[SERVER-17021] Significant WT Performance Regression on "modified" FSM workload Created: 23/Jan/15  Updated: 18/Sep/15  Resolved: 28/Jan/15

Status: Closed
Project: Core Server
Component/s: Concurrency, Storage
Affects Version/s: 2.8.0-rc5
Fix Version/s: 3.0.0-rc7

Type: Bug Priority: Major - P3
Reporter: Daniel Alabi Assignee: Keith Bostic (Inactive)
Resolution: Done Votes: 0
Labels: 28qa
Remaining Estimate: Not Specified
Time Spent: Not Specified
Original Estimate: Not Specified

Attachments: File findAndModify_update_grow.js     File fsm_all.js     Text File profileroutput.txt    
Issue Links:
Related
Backwards Compatibility: Fully Compatible
Operating System: Linux
Steps To Reproduce:

The findAndModify_update_grow.js FSM workload spawns several threads.
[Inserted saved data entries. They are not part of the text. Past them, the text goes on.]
(* For every $m\in\mathbb{Q}$ with $m\notin\{0,1,-1\}$, consider the tetrahedron in $\mathbb{R}^3$ with vertices \begin{align*} P_1&=(0,0,0),\qquad P_2=\big(10(m^4-1)(m^4+3m^2+1),\,0,\,0\big),\\ P_3&=\Big(\tfrac{2(m^2-1)(m^2+4)(3m^2+2)^2}{5},\ \tfrac{(m^2+4)(2m^2+3)(3m^2+2)(4m^2+1)}{5},\ 0\Big),\\ P_4&=\Big(\tfrac{2(m^2-1)(2m^2+3)^2(4m^2+1)}{5},\ -\tfrac{(2m^2+3)(2m^2-5m-2)(2m^2+5m-2)(3m^2+2)}{5},\ 4(m^2-1)m(2m^2+3)(3m^2+2)\Big). \end{align*} Then its four faces are congruent triangles (opposite edges have equal length), and all six edge lengths, all four face areas, and the volume of this tetrahedron are rational numbers.
   Context: No further context is needed. *)

theory Defs
  imports "HOL-Analysis.Analysis"
begin

definition triangle_area :: "real^3 \<Rightarrow> real^3 \<Rightarrow> real^3 \<Rightarrow> real" where
  "triangle_area A B C = norm (cross3 (B - A) (C - A)) / 2"

definition tetra_volume :: "real^3 \<Rightarrow> real^3 \<Rightarrow> real^3 \<Rightarrow> real^3 \<Rightarrow> real" where
  "tetra_volume A B C D = \<bar>(B - A) \<bullet> cross3 (C - A) (D - A)\<bar> / 6"

end

theory Submission
  imports Defs
begin

text \<open>Each edge length, twice the area of one face and six times the volume are absolute
  values of polynomials in \<open>m\<close> with rational coefficients (the relevant radicands are perfect
  squares), so all these quantities are rational. Since opposite edges are equal, every face has the same three side lengths, and by
  Heron's formula the same area as the computed face.\<close>

lemma inner_vec3: "(x::real^3) \<bullet> y = x$1 * y$1 + x$2 * y$2 + x$3 * y$3"
  by (simp add: inner_vec_def sum_3)

lemma cross3_components:
  "cross3 x y = vector [x$2 * y$3 - x$3 * y$2, x$3 * y$1 - x$1 * y$3, x$1 * y$2 - x$2 * y$1]"
  by (simp add: cross3_def)

lemma norm_eq_abs_if_inner_self_eq:
  fixes x :: "'a::real_inner"
  assumes "x \<bullet> x = p\<^sup>2"
  shows "norm x = \<bar>p\<bar>"
  using assms by (simp add: norm_eq_sqrt_inner)

lemma dist_eq_abs_if_inner_diff_eq:
  fixes x y :: "'a::real_inner"
  assumes "(x - y) \<bullet> (x - y) = p\<^sup>2"
  shows "dist x y = \<bar>p\<bar>"
  using assms by (simp add: dist_norm norm_eq_abs_if_inner_self_eq)

lemma triangle_area_heron:
  "(4 * triangle_area A B C)\<^sup>2 =
     2 * ((dist B C)\<^sup>2 * (dist A C)\<^sup>2 + (dist A C)\<^sup>2 * (dist A B)\<^sup>2 + (dist A B)\<^sup>2 * (dist B C)\<^sup>2)
     - ((dist B C)^4 + (dist A C)^4 + (dist A B)^4)"
proof -
  define u v where "u = B - A" and "v = C - A"
  have "(norm (cross3 u v))\<^sup>2 = (norm u * norm v)\<^sup>2 - (u \<bullet> v)\<^sup>2"
    using norm_cross_dot[of u v] by simp
  moreover have "(norm (u - v))\<^sup>2 = (norm u)\<^sup>2 + (norm v)\<^sup>2 - 2 * (u \<bullet> v)"
    by (simp add: power2_norm_eq_inner inner_diff algebra_simps inner_commute)
  moreover have "dist B C = norm (u - v)" "dist A C = norm v" "dist A B = norm u"
    by (simp_all add: u_def v_def dist_norm norm_minus_commute)
  ultimately show ?thesis
    unfolding triangle_area_def u_def [symmetric] v_def [symmetric]
    by (simp add: power_mult_distrib) algebra
qed

lemma triangle_area_eq_if_same_sides:
  assumes "dist A B = dist A' B'" "dist A C = dist A' C'" "dist B C = dist B' C'"
  shows "triangle_area A B C = triangle_area A' B' C'"
proof -
  have "(4 * triangle_area A B C)\<^sup>2 = (4 * triangle_area A' B' C')\<^sup>2"
    unfolding triangle_area_heron assms ..
  then show ?thesis
    by (simp add: triangle_area_def)
qed

lemma triangle_area_swap: "triangle_area B A C = triangle_area A B C"
proof -
  have "(4 * triangle_area B A C)\<^sup>2 = (4 * triangle_area A B C)\<^sup>2"
    unfolding triangle_area_heron by (simp add: dist_commute algebra_simps)
  then show ?thesis
    by (simp add: triangle_area_def)
qed

lemma triangle_area_rotate: "triangle_area B C A = triangle_area A B C"
proof -
  have "(4 * triangle_area B C A)\<^sup>2 = (4 * triangle_area A B C)\<^sup>2"
    unfolding triangle_area_heron by (simp add: dist_commute algebra_simps)
  then show ?thesis
    by (simp add: triangle_area_def)
qed

lemma isosceles_tetrahedron_face_areas:
  assumes "dist A B = dist C D" "dist A C = dist B D" "dist A D = dist B C"
  shows "triangle_area A B D = triangle_area A B C"
    and "triangle_area A C D = triangle_area A B C"
    and "triangle_area B C D = triangle_area A B C"
proof -
  have "triangle_area A B D = triangle_area B A C"
    using assms by (intro triangle_area_eq_if_same_sides) (simp_all add: dist_commute)
  then show "triangle_area A B D = triangle_area A B C"
    by (simp add: triangle_area_swap)
  have "triangle_area A C D = triangle_area C A B"
    using assms by (intro triangle_area_eq_if_same_sides) (simp_all add: dist_commute)
  then show "triangle_area A C D = triangle_area A B C"
    by (simp add: triangle_area_rotate)
  have "triangle_area B C D = triangle_area C B A"
    using assms by (intro triangle_area_eq_if_same_sides) (simp_all add: dist_commute)
  then show "triangle_area B C D = triangle_area A B C"
    by (simp add: triangle_area_swap triangle_area_rotate)
qed

theorem mainTheorem9:
  fixes m :: real and P1 P2 P3 P4 :: "real^3"
  assumes "m \<in> \<rat>" and "m \<notin> {0, 1, -1}"
    and "P1 = vector [0, 0, 0]"
    and "P2 = vector [10 * (m^4 - 1) * (m^4 + 3*m^2 + 1), 0, 0]"
    and "P3 = vector [2 * (m^2 - 1) * (m^2 + 4) * (3*m^2 + 2)^2 / 5,
                      (m^2 + 4) * (2*m^2 + 3) * (3*m^2 + 2) * (4*m^2 + 1) / 5,
                      0]"
    and "P4 = vector [2 * (m^2 - 1) * (2*m^2 + 3)^2 * (4*m^2 + 1) / 5,
                      - ((2*m^2 + 3) * (2*m^2 - 5*m - 2) * (2*m^2 + 5*m - 2) * (3*m^2 + 2) / 5),
                      4 * (m^2 - 1) * m * (2*m^2 + 3) * (3*m^2 + 2)]"
  shows "dist P1 P2 = dist P3 P4 \<and> dist P1 P3 = dist P2 P4 \<and> dist P1 P4 = dist P2 P3
    \<and> dist P1 P2 \<in> \<rat> \<and> dist P1 P3 \<in> \<rat> \<and> dist P1 P4 \<in> \<rat>
    \<and> dist P2 P3 \<in> \<rat> \<and> dist P2 P4 \<in> \<rat> \<and> dist P3 P4 \<in> \<rat>
    \<and> triangle_area P1 P2 P3 \<in> \<rat> \<and> triangle_area P1 P2 P4 \<in> \<rat>
    \<and> triangle_area P1 P3 P4 \<in> \<rat> \<and> triangle_area P2 P3 P4 \<in> \<rat>
    \<and> tetra_volume P1 P2 P3 P4 \<in> \<rat>"
proof -
  define a where "a = 10*m^8 + 30*m^6 - 30*m^2 - 10"
  define b where "b = 6*m^8 + 34*m^6 + 47*m^4 + 30*m^2 + 8"
  define c where "c = 8*m^8 + 30*m^6 + 47*m^4 + 34*m^2 + 6"
  define q where "q = 48*m^16 + 452*m^14 + 1462*m^12 + 1778*m^10 - 1778*m^6 - 1462*m^4 - 452*m^2 - 48"
  define v where "v = 1152*m + 12192*m^3 + 46400*m^5 + 69800*m^7 - 2000*m^9 - 127544*m^11
    - 127544*m^13 - 2000*m^15 + 69800*m^17 + 46400*m^19 + 12192*m^21 + 1152*m^23"
  have rational: "a \<in> \<rat>" "b \<in> \<rat>" "c \<in> \<rat>" "q \<in> \<rat>" "v \<in> \<rat>"
    using \<open>m \<in> \<rat>\<close> unfolding a_def b_def c_def q_def v_def
    by (auto intro!: Rats_add Rats_diff Rats_mult Rats_power)
  have edges: "dist P1 P2 = \<bar>a\<bar>" "dist P3 P4 = \<bar>a\<bar>" "dist P1 P3 = \<bar>b\<bar>"
    "dist P2 P4 = \<bar>b\<bar>" "dist P1 P4 = \<bar>c\<bar>" "dist P2 P3 = \<bar>c\<bar>"
    by (rule dist_eq_abs_if_inner_diff_eq, unfold inner_vec3,
        simp add: assms a_def b_def c_def, algebra)+
  have face: "triangle_area P1 P2 P3 = \<bar>q\<bar> / 2"
    unfolding triangle_area_def
    by (subst norm_eq_abs_if_inner_self_eq[where p = q], unfold inner_vec3 cross3_components)
      (simp_all add: assms q_def, algebra)
  have "(P2 - P1) \<bullet> cross3 (P3 - P1) (P4 - P1) = v"
    unfolding inner_vec3 cross3_components by (simp add: assms v_def, algebra)
  then have volume: "tetra_volume P1 P2 P3 P4 = \<bar>v\<bar> / 6"
    by (simp add: tetra_volume_def)
  have "dist P1 P2 = dist P3 P4" "dist P1 P3 = dist P2 P4" "dist P1 P4 = dist P2 P3"
    using edges by simp_all
  note faces = isosceles_tetrahedron_face_areas[OF this]
  show ?thesis
    using rational unfolding edges faces face volume by (simp add: Rats_divide)
qed

end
Each thread inserts a single document into a collection and then, using the findAndModify command, attempts to trigger a document move by growing (doubling) the size of the inserted document using the $set and $mul update operators.

The "modified" jstests/concurrency/fsm_workloads/findAndModify_update_grow.js uses 20 threads and 50 steps (iterations = 50) and attempts to quadruple the size of the document.
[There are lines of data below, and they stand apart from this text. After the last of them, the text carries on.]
(* Let $G$, $D$, $F$, $E$, $\Lambda$ be as in the context. Let $M\subseteq\Lambda$ be a left ideal that is right generic with respect to $D$. Let $Y$ be a left $\Lambda$-module and $Z\subseteq Y$ a left $E[D]$-submodule such that $Y$ and $Z$ admit compatible rational structures (a left $\Lambda_F$-module $Y_F$ and an $F[D]$-submodule $Z_F\subseteq Y_F$ with $Y=Y_F\otimes_FE$, $Z=Z_F\otimes_FE$ compatibly with $Z\subseteq Y$), and suppose $Y$ admits an injective $\Lambda$-module homomorphism $Y\to\Lambda$. Then for every left ideal $N\subseteq\Lambda$ isomorphic to $M$ as a left $\Lambda$-module, $\dim\mathrm{Hom}_G(\Lambda/M,Y;Z)\le\dim\mathrm{Hom}_G(\Lambda/N,Y;Z)$.
   Context: $G$ is a finite group, $D\subseteq G$ a subgroup, $F$ a field of characteristic zero over which all irreducible representations of $G$ are defined, $E\supseteq F$, $\Lambda_F=F[G]$, $\Lambda=E[G]=\Lambda_F\otimes_FE$. A right rational $D$-subspace of $\Lambda$ is $V=V_F\otimes_FE$ with $V_F$ a right $F[D]$-submodule of $\Lambda_F$. A left ideal $M$ is right generic with respect to $D$ if $\dim(M\cap V)\le\dim(N\cap V)$ for all right rational $D$-subspaces $V$ and all left ideals $N\cong M$ as left $\Lambda$-modules. For a left ideal $M$, $\mathrm{Hom}_G(\Lambda/M,Y;Z)$ denotes the set of $G$-equivariant homomorphisms $\phi:\Lambda/M\to Y$ with $\phi([1]\bmod M)\in Z$. *)

theory Defs
  imports Complex_Main "HOL-Algebra.Group" "HOL-Library.Function_Algebras"
begin

(* Elements of a group algebra K[G] (K a subset of the coefficient field 'e,
   e.g. a subfield F or UNIV = E) are functions 'g => 'e supported on the
   carrier of G with values in K.  Addition is pointwise (Function_Algebras);
   the algebra product is convolution (NOT the pointwise product). *)
definition grp_alg :: "('g, 'b) monoid_scheme \<Rightarrow> 'e::field set \<Rightarrow> ('g \<Rightarrow> 'e) set" where
  "grp_alg G K = {a. (\<forall>x. x \<notin> carrier G \<longrightarrow> a x = 0) \<and> (\<forall>x. a x \<in> K)}"

definition sub_alg :: "'g set \<Rightarrow> 'e::field set \<Rightarrow> ('g \<Rightarrow> 'e) set" where
  "sub_alg D K = {a. (\<forall>x. x \<notin> D \<longrightarrow> a x = 0) \<and> (\<forall>x. a x \<in> K)}"

definition conv :: "('g, 'b) monoid_scheme \<Rightarrow> ('g \<Rightarrow> 'e::field) \<Rightarrow> ('g \<Rightarrow> 'e) \<Rightarrow> 'g \<Rightarrow> 'e" where
  "conv G a b = (\<lambda>x. if x \<in> carrier G
      then (\<Sum>g\<in>carrier G. a g * b (inv\<^bsub>G\<^esub> g \<otimes>\<^bsub>G\<^esub> x)) else 0)"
My experiments were done on a rhel55-test spawnhost (8GB RAM and 8GB disk space).

On mmapv1, running the attached fsm_all.js takes about 2 mins but for WT it kept running for 30+ mins (until I shut it down).

WT invocation:

python buildscripts/smoke.py --nopreallocj --with-cleanbb --mongod ~/mongodb-linux-64/bin/mongod --mongo ~/mongodb-linux-64/bin/mongo --continue-on-failure --storageEngine=wiredTiger --wiredTigerEngineConfig=cache_size=1G concurrency 

Participants:
Linked BF Score: 0

 Description   

A modified version of

jstests/concurrency/fsm_workloads/findAndModify_update_grow.js

(see attachments) seems to be stalling significantly on IO, specifically when waiting to read WT overflow items from disk.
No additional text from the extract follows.